(Material for this task)

definition ustat :: "(real \<times> real \<Rightarrow> real) \<Rightarrow> nat \<Rightarrow> (nat \<Rightarrow> real) \<Rightarrow> real" where
  "ustat h n x = (\<Sum>p\<in>off_diag n. h (x (fst p), x (snd p))) / real (n * (n - 1))"

context iid_std_sample
begin

lemma measurable_pair_std_sample:
  "i < n \<Longrightarrow> j < n \<Longrightarrow> (\<lambda>x. (x i, x j)) \<in> measurable (std_sample n) (borel \<Otimes>\<^sub>M borel)"
  by (intro measurable_Pair borel_measurable_component_std_sample)

lemma integral_pair_std_sample:
  fixes h :: "real \<times> real \<Rightarrow> real"
  assumes "i < n" "j < n" "i \<noteq> j" "h \<in> borel_measurable (borel \<Otimes>\<^sub>M borel)"
  shows "(\<integral>x. h (x i, x j) \<partial>std_sample n) = (\<integral>z. h z \<partial>(M \<Otimes>\<^sub>M M))"
  using integral_distr[OF measurable_pair_std_sample[OF assms(1,2)] assms(4)]
  by (simp add: distr_pair_std_sample[OF assms(1-3)])

lemma integrable_pair_std_sample_iff:
  fixes h :: "real \<times> real \<Rightarrow> real"
  assumes "i < n" "j < n" "i \<noteq> j" "h \<in> borel_measurable (borel \<Otimes>\<^sub>M borel)"
  shows "integrable (std_sample n) (\<lambda>x. h (x i, x j)) \<longleftrightarrow> integrable (M \<Otimes>\<^sub>M M) h"
  using integrable_distr_eq[OF measurable_pair_std_sample[OF assms(1,2)] assms(4)]
  by (simp add: distr_pair_std_sample[OF assms(1-3)])

lemma prob_space_pair_M: "prob_space (M \<Otimes>\<^sub>M M)"
  by (intro prob_space_pair prob_space_axioms)

lemma sets_pair_M: "sets (M \<Otimes>\<^sub>M M) = sets (borel \<Otimes>\<^sub>M borel)"
  by (intro sets_pair_measure_cong) simp_all

context
  fixes h :: "real \<times> real \<Rightarrow> real"
  assumes measurable_kernel [measurable]: "h \<in> borel_measurable (borel \<Otimes>\<^sub>M borel)"
    and integrable_square_kernel: "integrable (M \<Otimes>\<^sub>M M) (\<lambda>z. (h z)\<^sup>2)"
begin

definition centered_kernel :: "nat \<times> nat \<Rightarrow> (nat \<Rightarrow> real) \<Rightarrow> real" where
  "centered_kernel p x = h (x (fst p), x (snd p)) - (\<integral>z. h z \<partial>(M \<Otimes>\<^sub>M M))"

lemma square_integrable_kernel: "square_integrable (M \<Otimes>\<^sub>M M) h"
  unfolding square_integrable_def using integrable_square_kernel measurable_cong_sets[OF sets_pair_M refl]
  by auto

lemma integrable_kernel_component_pair:
  assumes "p \<in> off_diag n"
  shows "integrable (std_sample n) (\<lambda>x. h (x (fst p), x (snd p)))"
proof -
  have "finite_measure (M \<Otimes>\<^sub>M M)"
    using prob_space_pair_M by (simp add: prob_space_def)
  then show ?thesis
    using assms square_integrable_integrable[OF _ square_integrable_kernel]
    by (subst integrable_pair_std_sample_iff) (auto simp: mem_off_diag)
qed

lemma square_integrable_centered_kernel_pair:
  "square_integrable (M \<Otimes>\<^sub>M M) (\<lambda>z. h z - (\<integral>z. h z \<partial>(M \<Otimes>\<^sub>M M)))"
proof (rule square_integrable_diff)
  show "square_integrable (M \<Otimes>\<^sub>M M) h"
    by (rule square_integrable_kernel)
  show "square_integrable (M \<Otimes>\<^sub>M M) (\<lambda>_. \<integral>z. h z \<partial>(M \<Otimes>\<^sub>M M))"
    using prob_space_pair_M by (intro square_integrable_const) (simp add: prob_space_def)
qed

lemma square_integrable_centered_kernel:
  assumes "p \<in> off_diag n"
  shows "square_integrable (std_sample n) (centered_kernel p)"
proof -
  let ?g = "\<lambda>z. h z - (\<integral>z. h z \<partial>(M \<Otimes>\<^sub>M M))"
  have ij: "fst p < n" "snd p < n" "fst p \<noteq> snd p"
    using assms by (auto simp: mem_off_diag)
  have "integrable (std_sample n) (\<lambda>x. (?g (x (fst p), x (snd p)))\<^sup>2)"
    using square_integrable_centered_kernel_pair unfolding square_integrable_def
    by (subst integrable_pair_std_sample_iff[OF ij, where h="\<lambda>z. (?g z)\<^sup>2"]) simp_all
  moreover have "(\<lambda>x. ?g (x (fst p), x (snd p))) \<in> borel_measurable (std_sample n)"
    using measurable_pair_std_sample[OF ij(1,2)] by measurable
  ultimately show ?thesis
    unfolding square_integrable_def centered_kernel_def by simp
qed

lemma integral_centered_kernel:
  assumes "p \<in> off_diag n"
  shows "(\<integral>x. centered_kernel p x \<partial>std_sample n) = 0"
proof -
  interpret S: prob_space "std_sample n"
    by (rule prob_space_std_sample)
  have ij: "fst p < n" "snd p < n" "fst p \<noteq> snd p"
    using assms by (auto simp: mem_off_diag)
  show ?thesis
    using integrable_kernel_component_pair[OF assms]
    unfolding centered_kernel_def
    by (simp add: integral_pair_std_sample[OF ij measurable_kernel] S.prob_space)
qed

lemma integrable_centered_kernel:
  "p \<in> off_diag n \<Longrightarrow> integrable (std_sample n) (centered_kernel p)"
  using square_integrable_integrable[OF finite_measure_std_sample square_integrable_centered_kernel]
  .

lemma integral_square_centered_kernel:
  assumes "p \<in> off_diag n"
  shows "(\<integral>x. (centered_kernel p x)\<^sup>2 \<partial>std_sample n) = var_of (M \<Otimes>\<^sub>M M) h"
proof -
  have ij: "fst p < n" "snd p < n" "fst p \<noteq> snd p"
    using assms by (auto simp: mem_off_diag)
  show ?thesis
    unfolding centered_kernel_def var_of_def
    by (rule integral_pair_std_sample[OF ij, where h="\<lambda>z. (h z - (\<integral>z. h z \<partial>(M \<Otimes>\<^sub>M M)))\<^sup>2"]) simp
qed

lemma integral_mult_centered_kernel_le:
  assumes "p \<in> off_diag n" "q \<in> off_diag n"
  shows "(\<integral>x. centered_kernel p x * centered_kernel q x \<partial>std_sample n) \<le> var_of (M \<Otimes>\<^sub>M M) h"
proof -
  have sq: "square_integrable (std_sample n) (centered_kernel p)"
    "square_integrable (std_sample n) (centered_kernel q)"
    using assms by (simp_all add: square_integrable_centered_kernel)
  have "(\<integral>x. centered_kernel p x * centered_kernel q x \<partial>std_sample n)
      \<le> (\<integral>x. ((centered_kernel p x)\<^sup>2 + (centered_kernel q x)\<^sup>2) / 2 \<partial>std_sample n)"
  proof (rule integral_mono)
    show "integrable (std_sample n) (\<lambda>x. centered_kernel p x * centered_kernel q x)"
      using sq by (rule square_integrable_mult_integrable)
    show "integrable (std_sample n) (\<lambda>x. ((centered_kernel p x)\<^sup>2 + (centered_kernel q x)\<^sup>2) / 2)"
      using sq unfolding square_integrable_def by simp
    show "centered_kernel p x * centered_kernel q x
        \<le> ((centered_kernel p x)\<^sup>2 + (centered_kernel q x)\<^sup>2) / 2" for x
      using sum_squares_bound[of "centered_kernel p x" "centered_kernel q x"] by simp
  qed
  also have "\<dots> = var_of (M \<Otimes>\<^sub>M M) h"
    using sq assms unfolding square_integrable_def by (simp add: integral_square_centered_kernel)
  finally show ?thesis .
qed

lemma integral_mult_centered_kernel_disjoint:
  assumes "p \<in> off_diag n" "q \<in> off_diag n" "{fst p, snd p} \<inter> {fst q, snd q} = {}"
  shows "(\<integral>x. centered_kernel p x * centered_kernel q x \<partial>std_sample n) = 0"
proof -
  let ?A = "{fst p, snd p}" and ?B = "{fst q, snd q}" and ?m = "\<integral>z. h z \<partial>(M \<Otimes>\<^sub>M M)"
  have AB: "?A \<subseteq> {..<n}" "?B \<subseteq> {..<n}"
    using assms by (auto simp: mem_off_diag)
  have "0 < n"
    using assms by (auto simp: mem_off_diag)
  have f: "(\<lambda>y. h (y (fst p), y (snd p)) - ?m) \<in> borel_measurable (PiM ?A (\<lambda>_. borel))"
    and g: "(\<lambda>y. h (y (fst q), y (snd q)) - ?m) \<in> borel_measurable (PiM ?B (\<lambda>_. borel))"
    by (intro borel_measurable_diff borel_measurable_const measurable_compose[OF _ measurable_kernel]
        measurable_Pair measurable_component_singleton; simp)+
  have "(\<integral>x. centered_kernel p x * centered_kernel q x \<partial>std_sample n) =
      (\<integral>x. centered_kernel p x \<partial>std_sample n) * (\<integral>x. centered_kernel q x \<partial>std_sample n)"
    using integral_mult_indep_blocks[OF \<open>0 < n\<close> AB assms(3) f g]
      integrable_centered_kernel[OF assms(1)] integrable_centered_kernel[OF assms(2)]
    by (simp add: centered_kernel_def[abs_def])
  then show ?thesis
    by (simp add: integral_centered_kernel[OF assms(1)])
qed

lemma sum_integral_mult_centered_kernel_le:
  assumes "p \<in> off_diag n"
  shows "(\<Sum>q\<in>off_diag n. \<integral>x. centered_kernel p x * centered_kernel q x \<partial>std_sample n)
    \<le> 4 * real n * var_of (M \<Otimes>\<^sub>M M) h"
proof -
  let ?V = "var_of (M \<Otimes>\<^sub>M M) h" and ?O = "{q \<in> off_diag n. {fst p, snd p} \<inter> {fst q, snd q} \<noteq> {}}"
  have "(\<Sum>q\<in>off_diag n. \<integral>x. centered_kernel p x * centered_kernel q x \<partial>std_sample n)
      \<le> (\<Sum>q\<in>off_diag n. if q \<in> ?O then ?V else 0)"
    using assms integral_mult_centered_kernel_le integral_mult_centered_kernel_disjoint
    by (intro sum_mono) auto
  also have "\<dots> = real (card ?O) * ?V"
    by (simp add: sum.If_cases Int_def)
  also have "\<dots> \<le> real (4 * n) * ?V"
    using card_off_diag_overlapping[of n p] by (intro mult_right_mono var_of_nonneg) simp
  finally show ?thesis
    by simp
qed

lemma ustat_eq_centered_kernel:
  assumes "2 \<le> n"
  shows "ustat h n x =
    (\<integral>z. h z \<partial>(M \<Otimes>\<^sub>M M)) + (\<Sum>p\<in>off_diag n. centered_kernel p x) / real (n * (n - 1))"
  using assms by (simp add: ustat_def centered_kernel_def sum_subtractf card_off_diag field_simps)

lemma integral_ustat:
  assumes "2 \<le> n"
  shows "(\<integral>x. ustat h n x \<partial>std_sample n) = (\<integral>z. h z \<partial>(M \<Otimes>\<^sub>M M))"
proof -
  interpret S: prob_space "std_sample n"
    by (rule prob_space_std_sample)
  show ?thesis
    using integrable_centered_kernel
    by (simp add: ustat_eq_centered_kernel[OF assms] integral_centered_kernel S.prob_space)
qed

text \<open>The classical variance bound for a U-statistic of degree two: among the \<open>N\<^sup>2\<close> covariances
  of its terms, \<open>N = n (n - 1)\<close>, only those of the \<open>O(n\<^sup>3)\<close> overlapping pairs are nonzero.\<close>
lemma var_ustat_le:
  assumes "2 \<le> n"
  shows "var_of (std_sample n) (ustat h n) \<le> 8 * var_of (M \<Otimes>\<^sub>M M) h / real n"
proof -
  let ?N = "real (n * (n - 1))" and ?V = "var_of (M \<Otimes>\<^sub>M M) h" and ?Y = "centered_kernel"
  have N: "0 < ?N" "?N = real n * (real n - 1)"
    using assms by (simp_all add: of_nat_diff)
  have "integrable (std_sample n) (\<lambda>x. ?Y p x * ?Y q x)" if "p \<in> off_diag n" "q \<in> off_diag n" for p q
    using that by (intro square_integrable_mult_integrable square_integrable_centered_kernel)
  then have "var_of (std_sample n) (ustat h n) =
      (\<Sum>p\<in>off_diag n. \<Sum>q\<in>off_diag n. \<integral>x. ?Y p x * ?Y q x \<partial>std_sample n) / ?N\<^sup>2"
    unfolding var_of_def integral_ustat[OF assms]
    by (simp add: ustat_eq_centered_kernel[OF assms] power_divide power2_eq_square sum_product
        integrable_sum integral_sum)
  also have "\<dots> \<le> (\<Sum>p\<in>off_diag n. 4 * real n * ?V) / ?N\<^sup>2"
    by (intro divide_right_mono sum_mono sum_integral_mult_centered_kernel_le) simp_all
  also have "\<dots> = 4 * real n * ?V / ?N"
    using N(1) by (simp add: card_off_diag power2_eq_square)
  also have "\<dots> = 4 * ?V / (real n - 1)"
    using assms unfolding N(2) by (simp add: field_simps)
  also have "\<dots> \<le> 8 * ?V / real n"
  proof -
    have "2 * ?V \<le> real n * ?V"
      using assms var_of_nonneg[of "M \<Otimes>\<^sub>M M" h] by (intro mult_right_mono) simp_all
    then show ?thesis
      using assms by (simp add: field_simps)
  qed
  finally show ?thesis .
qed

end

end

(End Material for this task)

## [What the exercise asks]
Lines above with the string "subst" need to be found and copied.

## [Reply to the task]
    by (subst integrable_pair_std_sample_iff) (auto simp: mem_off_diag)
    by (subst integrable_pair_std_sample_iff[OF ij, where h="\<lambda>z. (?g z)\<^sup>2"]) simp_all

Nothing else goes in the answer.